Use quotation marks around field names with special characters

When a field name includes special characters, surround the field name with single or double quotation marks as follows:

/"<field w/specialcharacter>"

Some examples:

/"Stream$ets"

/'city&state'

/"product names"

When using multiple sets of quotation marks, alternate between types as you go

Throughout the expression language, when using quotation marks, you can use single or double quotation marks. But make sure to alternate between the types when nesting quotation marks.

For example:

${record:value('/"Stream$ets"'}

${record:value("/'city&state'"}

Use a backslash as an escape character

To use a quotation mark or backslash in a field name, use a backslash ( \ ).

Add additional backslashes as necessary to escape quotation marks.

For example, to use a field named "ID's" as a required field, you would use a single backslash:

/ID\'s

To use the same field in an expression, you might need additional backslashes as follows:

${record:value('/ID\\'s')}

1.14.3. Referencing Field Names and Field Paths

When a pipeline is valid for preview, you can generally select fields from a list. When a list is not available or when you are defining a new field name, you need to use the appropriate format for the field name.

To reference a field, you specify the path of the field. A field path describes a data element in a record using a syntax similar to files in directories. The complexity of a field path differs based on the type of data in the record:

Simple maps or JSON objects

With simple maps or JSON objects, the fields are one level removed from the root. Reference the field as follows:

/<field name>

So, to reference a CITY field in a simple JSON object, enter /CITY. A simple expression that calls the field might look like this:

${record:value('/CITY')}

Complex maps or JSON objects

To reference a field in a complex map or JSON object, include the path to the field, as follows:

/<path to field>/<field name>

For example, the following field path describes an employeeName field several levels deep in a JSON object: /region/division/group/employeeName. An expression that calls the field might look like this:

${record:value("/region/division/group/employeeName")}

Arrays or lists

To reference a field in an array or list, include the index and path to the field, as follows:

[<index value>]/<path to field>/<field name>

For example, the following field path describes the same employeeName field in the third region index in an array: [2]/east/HR/employeeName.

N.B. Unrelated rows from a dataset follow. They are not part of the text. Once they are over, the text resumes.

(* Let $n\ge1$, let $G^\star=([n],E^\star)$ be a directed graph (directed cycles allowed), and let $S_1=\operatorname{argmin}_{\mathcal S}|E^{(1)}|$, $S_2=\operatorname{argmin}_{S_1}|E^{(2)}|$, $S_3=\operatorname{argmin}_{(\mathcal P,\pi)\in S_2}|E^{(3)}_{(\mathcal P,\pi)}|$. Then (i) the partially ordered partition associated with $G^\star$ belongs to $S_3$, and (ii) for every $(\mathcal P,\pi)\in S_3$, $E^{(3)}_{(\mathcal P,\pi)}$ equals the set of unshielded perfect non-conductors in $G^\star$.
   Context: $[n]=\{1,\dots,n\}$. The observed distribution is Markov and faithful to $G^\star$; for distinct $a,b$ and $Z\subseteq[n]\setminus\{a,b\}$, $a\perp\!\!\!\perp b\mid Z$ means $a$ and $b$ are $d$-separated given $Z$ in $G^\star$, and $a\not\perp\!\!\!\perp b\mid Z$ is its negation. In a directed graph, $a$ is an ancestor of $b$ (and $b$ a descendant of $a$) if $a=b$ or there is a directed path from $a$ to $b$. Distinct $a,b$ are $p$-adjacent in a directed graph $G$ if there is an edge between them, or they have a common child which is an ancestor of $a$ or of $b$. A triple $(a,b,c)$ such that $a,c$ are not $p$-adjacent while $a,b$ and $c,b$ are $p$-adjacent is an unshielded conductor if $b$ is an ancestor of $a$ or of $c$, and an unshielded non-conductor otherwise; an unshielded non-conductor $(a,b,c)$ is perfect if $b$ is a descendant of a common child of $a$ and $c$, and imperfect otherwise. $\mathcal S$ is the set of pairs $(\mathcal P,\pi)$ with $\mathcal P$ a partition of $[n]$ and $\pi$ a partial order on $\mathcal P$; $C_1\le_\pi C_2$ iff $(C_1,C_2)\in\pi$; $C_{i,\mathcal P}$ is the block containing $i$; $C\le_\pi\max\{C_1,\dots,C_t\}$ means $C\le_\pi C_i$ for some $i$. The strongly connected components of a directed graph $G$ are the classes of $i\sim j$ iff $i=j$ or there are directed paths $i\to j$ and $j\to i$; on them $C_1\le_G C_2$ iff $C_1=C_2$ or there is a directed path from a vertex of $C_1$ to a vertex of $C_2$. The partially ordered partition associated with $G$ is (its set of strongly connected components, $\le_G$). For $(\mathcal P,\pi)\in\mathcal S$: $E^{(1)}_{(\mathcal P,\pi)}=\{(a,b): a\ne b,\ a\not\perp\!\!\!\perp b\mid\bigcup\{C\in\mathcal P: C\le_\pi\max\{C_{a,\mathcal P},C_{b,\mathcal P}\}\}\setminus\{a,b\}\}$; $E^{(2)}_{(\mathcal P,\pi)}$ is the set of $(a,b,c)$ distinct with $(a,b),(c,b)\in E^{(1)}$, $(a,c)\notin E^{(1)}$, $C_{b,\mathcal P}\le_\pi\max\{C_{a,\mathcal P},C_{c,\mathcal P}\}$; $E^{(3)}_{(\mathcal P,\pi)}$ is the set of $(a,b,c)$ distinct with $(a,b),(c,b)\in E^{(1)}$, $(a,c)\notin E^{(1)}$, and $a\not\perp\!\!\!\perp c\mid\bigcup\{C\in\mathcal P: C\le_\pi\max\{C_{a,\mathcal P},C_{b,\mathcal P},C_{c,\mathcal P}\}\}\setminus\{a,c\}$ (all $E$-sets indexed by $(\mathcal P,\pi)$). *)

theory Defs
  imports Main "HOL-Library.Disjoint_Sets"
begin

(* Directed graph on vertex set {1..n}: edge relation E :: (nat * nat) set, (x,y) \<in> E means x \<rightarrow> y. *)

definition anc :: "(nat \<times> nat) set \<Rightarrow> nat \<Rightarrow> nat \<Rightarrow> bool" where
  "anc E a b \<longleftrightarrow> (a, b) \<in> E\<^sup>*"

(* A path: distinct vertex list vs with an orientation list ds;
   ds!i = True means edge vs!i \<rightarrow> vs!(i+1), False means vs!(i+1) \<rightarrow> vs!i. *)
definition is_path :: "(nat \<times> nat) set \<Rightarrow> nat list \<Rightarrow> bool list \<Rightarrow> bool" where
  "is_path E vs ds \<longleftrightarrow> length vs \<ge> 2 \<and> distinct vs \<and> length ds = length vs - 1 \<and>
     (\<forall>i < length ds. (if ds ! i then (vs ! i, vs ! Suc i) \<in> E else (vs ! Suc i, vs ! i) \<in> E))"

definition is_collider :: "bool list \<Rightarrow> nat \<Rightarrow> bool" where
  "is_collider ds i \<longleftrightarrow> ds ! (i - 1) \<and> \<not> ds ! i"

definition d_connected :: "(nat \<times> nat) set \<Rightarrow> nat \<Rightarrow> nat \<Rightarrow> nat set \<Rightarrow> bool" where
  "d_connected E a b Z \<longleftrightarrow> (\<exists>vs ds. is_path E vs ds \<and> hd vs = a \<and> last vs = b \<and>
     (\<forall>i. 0 < i \<and> i < length vs - 1 \<longrightarrow>
        (if is_collider ds i then (\<exists>z\<in>Z. anc E (vs ! i) z) else vs ! i \<notin> Z)))"

definition dsep :: "(nat \<times> nat) set \<Rightarrow> nat \<Rightarrow> nat \<Rightarrow> nat set \<Rightarrow> bool" where
  "dsep E a b Z \<longleftrightarrow> \<not> d_connected E a b Z"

An expression that calls the field might look like this:

${record:value('[2]/east/HR/employeeName')}

Delimited records can be structured as lists. For more information, see Delimited Data Root Field Type.

Text

To reference text when a record is a line of text, use the following field name:

/text

Wildcard Use for Arrays and Maps

In some processors, you can use the asterisk wildcard (*) as indices in an array or key values in a map. Use a wildcard to help define the field paths for maps and arrays.

You can use the asterisk wildcard as follows:

[*]

Matches all values for the specified index in an array. For example, the following field path represents the social security number of every employee in every division:

/Division[*]/Employee[*]/SSN

Matches all values for the specified keys in a map. For example, the following field path represents all employee information in the first division:

/Division[0]/Employee[*]/*

1.14.4. Field Path Expressions

You can use field path expressions in certain processors to determine the set of fields that you want the processor to use.

For example, you want to use the Field Remover processor to remove all fields that start with the same prefix. Instead of manually entering each field name, you can use a field path expression to specify the fields to remove.

Supported Stages

You can use field path expressions to specify the fields to use in the following processors:

Field Hasher processor
Field Masker processor
Field Remover processor
Field Replacer processor
Field Type Converter processor
Value Replacer processor (deprecated)

Field Path Expression Syntax

When creating a field path expression, you can use a combination of standard expression language syntax with field path expression syntax. You can use the following components in field path expressions:

Root field and relative paths

As with specifying any field path, begin a field path expression with a slash ( / ) to indicate the location of the fields in relation to the root field. Then, continue defining the field path as appropriate.

For example, the following field path expression uses a wildcard to specify all fields in the record:

/*

Wildcard characters

You can use the asterisk character ( * ) and question mark character ( ? ) as wildcards, as follows:

Use the asterisk wildcard to represent one or more characters.

For example, to perform an action on all fields in a Stores map field, you can use the following field path expression:

/Stores/*

Use the question mark wildcard to represent exactly one character.

For example, the following expression includes all fields that have a two-character prefix followed by an underscore:

/??_*

Brackets for position predicates

You can specify a field based on its position in a list field. After the name of the list field, specify the position surrounded by brackets ( [ ] ). Note that position numbering starts with 0.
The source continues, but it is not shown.